Que la nuit succède au jour et le conte sentimental rohmérien se voit brossé à rebrousse-poil, réinventé en fantaisie tourneurienne. Que le jour succède à la nuit et le deuil de l'obscurité passée devient le deuil du deuil de l'éclat solaire qui précédait. Une adolescente bouleverse de comprendre la banalité de ce qu'elle ne sait pas encore, à savoir que le deuil de sa mise au ban amoureux est lui-même voué à la promesse de son propre deuil. Que le deuil soit lui-même l'objet du deuil engage aussi tout un avenir, celui d'une femme qui aura toute sa vie pour savoir ce qu'elle aura toujours déjà compris.
Une fratrie vouée aux marges sociales se peuple d'un archipel de lieux secrets, introuvables sur aucune carte : de cette zone clandestine, caves et arbres où passent des rails de paroles improvisées, il est beau qu'un documentaire en compose le poème souterrain et électrique, tout en visions fugitives, en flashs pris au mot.

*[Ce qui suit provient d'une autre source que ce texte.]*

(* Let $\Phi=B_l$ or $C_l$ with $l\ge2$. There exist fields $K\subseteq F$ of characteristic $2$, with $F$ a finite (hence algebraic) extension of the nonperfect field $K$, and an admissible pair $(\Lambda_l,\Lambda_s)=(Q,P)$ of type $\Phi$ in $F$ with $K\subseteq Q\subseteq P\subseteq F$, such that: (1) if $\Phi=B_l$, $l\ge3$, then $P$ is not a field; (2) if $\Phi=C_l$, $l\ge3$, then $Q$ is not a field; (3) if $\Phi=B_2=C_2$, then neither $P$ nor $Q$ is a field.
   Context: Let $p=2$ for $\Phi=B_l,C_l$. An admissible pair of type $\Phi$ in a ring $R$ is a pair $\Lambda=(\Lambda_l,\Lambda_s)$ of additive subgroups of $R$ with: (AP1) $p\Lambda_s\subseteq\Lambda_l\subseteq\Lambda_s$; (AP2) $t^p\Lambda_l\subseteq\Lambda_l$ for all $t\in\Lambda_s$; (AP3) $\Lambda_s$ is a subring if $\Phi\ne B_l$; (AP4) $\Lambda_l$ is a subring if $\Phi\ne C_l$; and moreover $\Lambda_l\Lambda_s\subseteq\Lambda_s$. For $\Phi=B_2=C_2$ neither $\Lambda_l$ nor $\Lambda_s$ is required to be a subring. *)

theory Defs
  imports "HOL-Algebra.Algebra"
begin

datatype root_type = B | C

text \<open>The prime p attached to the doubly laced types B_l, C_l is 2.
  For a subset A of a ring R, p A is the set of all elements p t (t in A),
  where p t = t + t computed in R.\<close>
definition pmult_set :: "('a, 'b) ring_scheme \<Rightarrow> 'a set \<Rightarrow> 'a set" where
  "pmult_set R A = {t \<oplus>\<^bsub>R\<^esub> t | t. t \<in> A}"

text \<open>Admissible pair (Lambda_l, Lambda_s) of type Phi = (Phi, l) in the ring R, with p = 2.
  Conditions AP3 / AP4 apply only for rank l >= 3 (for B_2 = C_2 neither set has to be a subring).\<close>
definition admissible_pair ::
  "root_type \<Rightarrow> nat \<Rightarrow> ('a, 'b) ring_scheme \<Rightarrow> 'a set \<Rightarrow> 'a set \<Rightarrow> bool" where
  "admissible_pair Phi l R Ll Ls \<longleftrightarrow>
     additive_subgroup Ll R \<and> additive_subgroup Ls R \<and>
     pmult_set R Ls \<subseteq> Ll \<and> Ll \<subseteq> Ls \<and>                                   \<comment> \<open>AP1\<close>
     (\<forall>t\<in>Ls. \<forall>x\<in>Ll. (t [^]\<^bsub>R\<^esub> (2::nat)) \<otimes>\<^bsub>R\<^esub> x \<in> Ll) \<and>            \<comment> \<open>AP2\<close>
     (\<not> (Phi = B \<or> l = 2) \<longrightarrow> subring Ls R) \<and>                         \<comment> \<open>AP3\<close>
     (\<not> (Phi = C \<or> l = 2) \<longrightarrow> subring Ll R) \<and>                         \<comment> \<open>AP4\<close>
     (\<forall>x\<in>Ll. \<forall>y\<in>Ls. x \<otimes>\<^bsub>R\<^esub> y \<in> Ls)"

definition perfect_char2 :: "('a, 'b) ring_scheme \<Rightarrow> 'a set \<Rightarrow> bool" where
  "perfect_char2 R K \<longleftrightarrow> (\<forall>a\<in>K. \<exists>b\<in>K. a = b [^]\<^bsub>R\<^esub> (2::nat))"

definition char_two :: "('a, 'b) ring_scheme \<Rightarrow> bool" where
  "char_two R \<longleftrightarrow> \<one>\<^bsub>R\<^esub> \<oplus>\<^bsub>R\<^esub> \<one>\<^bsub>R\<^esub> = \<zero>\<^bsub>R\<^esub>"

end

theory Submission
  imports Defs "HOL-Computational_Algebra.Polynomial" "HOL-Computational_Algebra.Fraction_Field"
    "HOL-Library.Z2" "HOL-Library.Countable"
begin

text \<open>Take \<open>F = \<bbbF>\<^sub>2(x, y, z, w)\<close> and \<open>K = F\<^sup>2\<close>. Then \<open>F\<close> is spanned over \<open>K\<close> by the
  sixteen monomials in \<open>x, y, z, w\<close> with exponents at most one, and \<open>K\<close> is not perfect,
  because \<open>w\<^sup>2\<close> is not a fourth power. Since all squares lie in \<open>K\<close>, the \<open>K\<close>-spaces
  \<open>Q = K + Kx + Ky\<close> and \<open>P = R + Rz + Rw\<close>, where \<open>R = K + Kx + Ky + Kxy\<close> is the field \<open>K(x, y)\<close>,
  satisfy the admissibility conditions, and so do \<open>(K, P)\<close> and \<open>(Q, F)\<close>. None of \<open>Q\<close>, \<open>P\<close> is a
  ring, as \<open>xy \<notin> Q\<close> and \<open>zw \<notin> P\<close>. Such non-memberships are witnessed by the subfield \<open>E\<^sub>v\<close> of
  \<open>F\<close> obtained by replacing a variable \<open>v\<close> by \<open>v\<^sup>2\<close>: it contains all squares and the other
  variables, but \<open>1\<close> and \<open>v\<close> are linearly independent over it. The pair \<open>(Q, P)\<close> serves for
  \<open>l = 2\<close>, \<open>(K, P)\<close> for \<open>B\<^sub>l\<close> and \<open>(Q, F)\<close> for \<open>C\<^sub>l\<close>.\<close>

section \<open>Characteristic two\<close>

lemma poly_two_eq_zero: "(2::'a::comm_ring_1) = 0 \<Longrightarrow> (2::'a poly) = 0"
  by (metis of_nat_numeral of_nat_poly pCons_0_0)

lemma fract_two_eq_zero: "(2::'a::idom) = 0 \<Longrightarrow> (2::'a fract) = 0"
  by (metis of_nat_fract of_nat_numeral fract_collapse(1))

lemma add_self_char2: "(2::'a::comm_ring_1) = 0 \<Longrightarrow> a + a = (0::'a)"
  by (metis mult_2 mult_zero_left)

lemma minus_eq_self_char2: "(2::'a::comm_ring_1) = 0 \<Longrightarrow> - a = (a::'a)"
  by (metis add_eq_0_iff add_self_char2)

lemma power2_add_char2: "(2::'a::comm_ring_1) = 0 \<Longrightarrow> (a + b)^2 = (a::'a)^2 + b^2"
  by (simp add: power2_sum)

lemma eq_if_add_eq_zero_char2: "(2::'a::comm_ring_1) = 0 \<Longrightarrow> a + b = 0 \<Longrightarrow> a = (b::'a)"
  by (metis add_eq_0_iff minus_eq_self_char2)

lemma pCons_eq_const_plus_X_mult: "pCons (a::'a::comm_ring_1) p = [:a:] + [:0,1:] * p"
  by (simp add: mult_pCons_left smult_1_left)

lemma power2_pCons_char2:
  fixes a :: "'a::comm_ring_1"
  assumes "(2::'a) = 0"
  shows "(pCons a p)^2 = pCons (a^2) (pCons 0 (p^2))"
proof -
  have "(pCons a p)^2 = ([:a:] + [:0,1:] * p)^2" by (subst pCons_eq_const_plus_X_mult, rule refl)
  also have "\<dots> = [:a:]^2 + ([:0,1:] * p)^2" by (rule power2_add_char2[OF poly_two_eq_zero[OF assms]])
  also have "\<dots> = pCons (a^2) (pCons 0 (p^2))" by (simp add: power2_eq_square mult_pCons_left)
  finally show ?thesis .
qed

lemma coeff_power2_char2:
  fixes p :: "'a::comm_ring_1 poly"
  assumes "(2::'a) = 0"
  shows "coeff (p^2) i = (if even i then (coeff p (i div 2))^2 else 0)"
proof (induction p arbitrary: i)
  case (pCons a p)
  show ?case
  proof (cases i)
    case (Suc j)
    then show ?thesis
      using pCons.IH[of "j - 1"] by (cases j) (simp_all add: power2_pCons_char2[OF assms])
  qed (simp add: power2_pCons_char2[OF assms])
qed simp

section \<open>Square subrings and independence\<close>

definition square_subring :: "'a::comm_ring_1 set \<Rightarrow> bool" where
  "square_subring S \<longleftrightarrow>
     0 \<in> S \<and> 1 \<in> S \<and> (\<forall>a\<in>S. \<forall>b\<in>S. a + b \<in> S \<and> a * b \<in> S) \<and> (\<forall>a. a^2 \<in> S)"

text \<open>In characteristic two, \<open>one_indep z S\<close> says that \<open>1\<close> and \<open>z\<close> are linearly independent
  over the subring \<open>S\<close>.\<close>
definition one_indep :: "'a::comm_ring_1 \<Rightarrow> 'a set \<Rightarrow> bool" where
  "one_indep z S \<longleftrightarrow> (\<forall>e\<in>S. \<forall>e'\<in>S. z * e = e' \<longrightarrow> e = 0)"

lemma square_subringD:
  assumes "square_subring S"
  shows "0 \<in> S" "1 \<in> S" "a \<in> S \<Longrightarrow> b \<in> S \<Longrightarrow> a + b \<in> S" "a \<in> S \<Longrightarrow> b \<in> S \<Longrightarrow> a * b \<in> S"
    "c^2 \<in> S"
  using assms unfolding square_subring_def by blast+

lemma square_subring_sum:
  assumes "square_subring S" "\<And>i. i \<in> A \<Longrightarrow> g i \<in> S"
  shows "sum g A \<in> S"
  using assms(2)
  by (induction A rule: infinite_finite_induct) (simp_all add: square_subringD[OF assms(1)])

lemma one_indepD: "one_indep z S \<Longrightarrow> e \<in> S \<Longrightarrow> e' \<in> S \<Longrightarrow> z * e = e' \<Longrightarrow> e = 0"
  unfolding one_indep_def by blast

lemma not_mem_if_one_indep:
  assumes "square_subring S" "one_indep (z::'a::comm_ring_1) S"
  shows "z \<notin> S"
proof
  assume "z \<in> S"
  have "z * 1 = z" by simp
  then have "(1::'a) = 0"
    by (rule one_indepD[OF assms(2) square_subringD(2)[OF assms(1)] \<open>z \<in> S\<close>])
  then show False by simp
qed

section \<open>Rational functions\<close>

definition rconst :: "'a::idom \<Rightarrow> 'a poly fract" where
  "rconst a = Fract [:a:] 1"

definition rvar :: "'a::idom poly fract" where
  "rvar = Fract [:0,1:] 1"

definition rat_funs_over :: "'a::idom set \<Rightarrow> 'a poly fract set" where
  "rat_funs_over S = {Fract p q | p q. (\<forall>i. coeff p i \<in> S) \<and> (\<forall>i. coeff q i \<in> S) \<and> q \<noteq> 0}"

definition even_poly :: "'a::zero poly \<Rightarrow> bool" where
  "even_poly p \<longleftrightarrow> (\<forall>i. odd i \<longrightarrow> coeff p i = 0)"

definition even_rat_funs :: "'a::idom poly fract set" where
  "even_rat_funs = {Fract p q | p q. even_poly p \<and> even_poly q \<and> q \<noteq> 0}"

lemma Fract_in_rat_funs_over:
  "(\<forall>i. coeff p i \<in> S) \<Longrightarrow> (\<forall>i. coeff q i \<in> S) \<Longrightarrow> q \<noteq> 0 \<Longrightarrow> Fract p q \<in> rat_funs_over S"
  unfolding rat_funs_over_def by blast

lemma Fract_in_even_rat_funs:
  "even_poly p \<Longrightarrow> even_poly q \<Longrightarrow> q \<noteq> 0 \<Longrightarrow> Fract p q \<in> even_rat_funs"
  unfolding even_rat_funs_def by blast

lemma square_subring_coeff_mult:
  assumes "square_subring S" "\<forall>i. coeff p i \<in> S" "\<forall>i. coeff q i \<in> S"
  shows "\<forall>i. coeff (p * q) i \<in> S"
  using assms by (auto simp: coeff_mult square_subringD intro!: square_subring_sum)

lemma square_subring_rat_funs_over:
  fixes S :: "'a::field set"
  assumes char2: "(2::'a) = 0" and S: "square_subring S"
  shows "square_subring (rat_funs_over S)"
  unfolding square_subring_def
proof (intro conjI ballI allI)
  show "0 \<in> rat_funs_over S" "1 \<in> rat_funs_over S"
    unfolding fract_expand using S
    by (auto intro!: Fract_in_rat_funs_over simp: square_subringD coeff_1)
next
  fix a b assume "a \<in> rat_funs_over S" "b \<in> rat_funs_over S"
  then obtain p q r s where pq: "a = Fract p q" "\<forall>i. coeff p i \<in> S" "\<forall>i. coeff q i \<in> S" "q \<noteq> 0"
    and rs: "b = Fract r s" "\<forall>i. coeff r i \<in> S" "\<forall>i. coeff s i \<in> S" "s \<noteq> 0"
    unfolding rat_funs_over_def by blast
  have "a + b = Fract (p * s + r * q) (q * s)" "a * b = Fract (p * r) (q * s)"
    using pq rs by simp_all
  then show "a + b \<in> rat_funs_over S" "a * b \<in> rat_funs_over S"
    using pq rs square_subring_coeff_mult[OF S] square_subringD(3)[OF S]
    by (auto intro!: Fract_in_rat_funs_over)
next
  fix a :: "'a poly fract"
  obtain p q where pq: "a = Fract p q" "q \<noteq> 0" by (cases a) auto
  then have "a^2 = Fract (p^2) (q^2)" by (simp add: power2_eq_square)
  then show "a^2 \<in> rat_funs_over S"
    using pq square_subringD(5)[OF S]
    by (auto intro!: Fract_in_rat_funs_over simp: coeff_power2_char2[OF char2] square_subringD(1)[OF S])
qed

lemma rconst_in_rat_funs_over:
  assumes "square_subring S" "a \<in> S"
  shows "rconst a \<in> rat_funs_over S"
  unfolding rconst_def using assms
  by (intro Fract_in_rat_funs_over) (auto simp: square_subringD coeff_pCons coeff_1 split: nat.splits)

text \<open>Clear denominators and compare coefficients.\<close>
lemma one_indep_rat_funs_over:
  fixes z :: "'a::field"
  assumes S: "square_subring S" and z: "one_indep z S"
  shows "one_indep (rconst z) (rat_funs_over S)"
  unfolding one_indep_def
proof (intro ballI impI)
  fix e e' assume "e \<in> rat_funs_over S" "e' \<in> rat_funs_over S" and eq: "rconst z * e = e'"
  then obtain p q r s where pq: "e = Fract p q" "\<forall>i. coeff p i \<in> S" "\<forall>i. coeff q i \<in> S" "q \<noteq> 0"
    and rs: "e' = Fract r s" "\<forall>i. coeff r i \<in> S" "\<forall>i. coeff s i \<in> S" "s \<noteq> 0"
    unfolding rat_funs_over_def by blast
  have "Fract ([:z:] * p) q = Fract r s" using eq pq rs by (simp add: rconst_def)
  then have cross: "[:z:] * p * s = r * q" using pq rs by (simp add: eq_fract)
  have "coeff (p * s) i = 0" for i
  proof (rule one_indepD[OF z])
    show "z * coeff (p * s) i = coeff (r * q) i"
      using arg_cong[OF cross, of "\<lambda>u. coeff u i"] by (simp add: mult.assoc)
    show "coeff (p * s) i \<in> S" "coeff (r * q) i \<in> S"
      using square_subring_coeff_mult[OF S] pq rs by auto
  qed
  then have "p * s = 0" by (simp add: poly_eq_iff)
  then have "p = 0" using rs by simp
  then show "e = 0" using pq by (simp add: fract_collapse)
qed

lemma even_poly_add: "even_poly p \<Longrightarrow> even_poly q \<Longrightarrow> even_poly (p + q)"
  by (simp add: even_poly_def)

lemma even_poly_mult:
  assumes "even_poly p" "even_poly (q::'a::comm_semiring_0 poly)"
  shows "even_poly (p * q)"
  unfolding even_poly_def
proof (intro allI impI)
  fix i :: nat assume "odd i"
  have "coeff p j * coeff q (i - j) = 0" if "j \<le> i" for j
  proof (cases "odd j")
    case False
    then have "odd (i - j)" using \<open>odd i\<close> that by presburger
    then show ?thesis using assms by (simp add: even_poly_def)
  qed (use assms in \<open>simp add: even_poly_def\<close>)
  then show "coeff (p * q) i = 0" by (simp add: coeff_mult)
qed

lemma even_poly_const: "even_poly [:a:]"
  unfolding even_poly_def by (auto simp: coeff_pCons elim: oddE split: nat.split)

lemma even_poly_power2: "(2::'a::comm_ring_1) = 0 \<Longrightarrow> even_poly ((p::'a poly)^2)"
  by (simp add: even_poly_def coeff_power2_char2)

lemma even_degree_if_even_poly: "even_poly p \<Longrightarrow> p \<noteq> 0 \<Longrightarrow> even (degree p)"
  using leading_coeff_neq_0[of p] unfolding even_poly_def by blast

Des femmes s'entraînent à la guerre : elles sont kurdes, adeptes du socialisme libertaire, elles rêvent dans les ruines crénelant la carte reliant la Turquie à la Syrie qu'un autre monde est possible. Et elles sourient. Leur sourire atteste qu'elles vivent en sachant risquer la mort, leur existence dignifiée d'être à la hauteur de quelques idées éternelles, justice et égalité. Ces guerrières filmées comme dans un western d'Anthony Mann à la fin regardent au loin, dans le liserai brûlant de la profondeur de champ, dans le hors-lieu de l'immortalité que leur mort aura depuis avérée.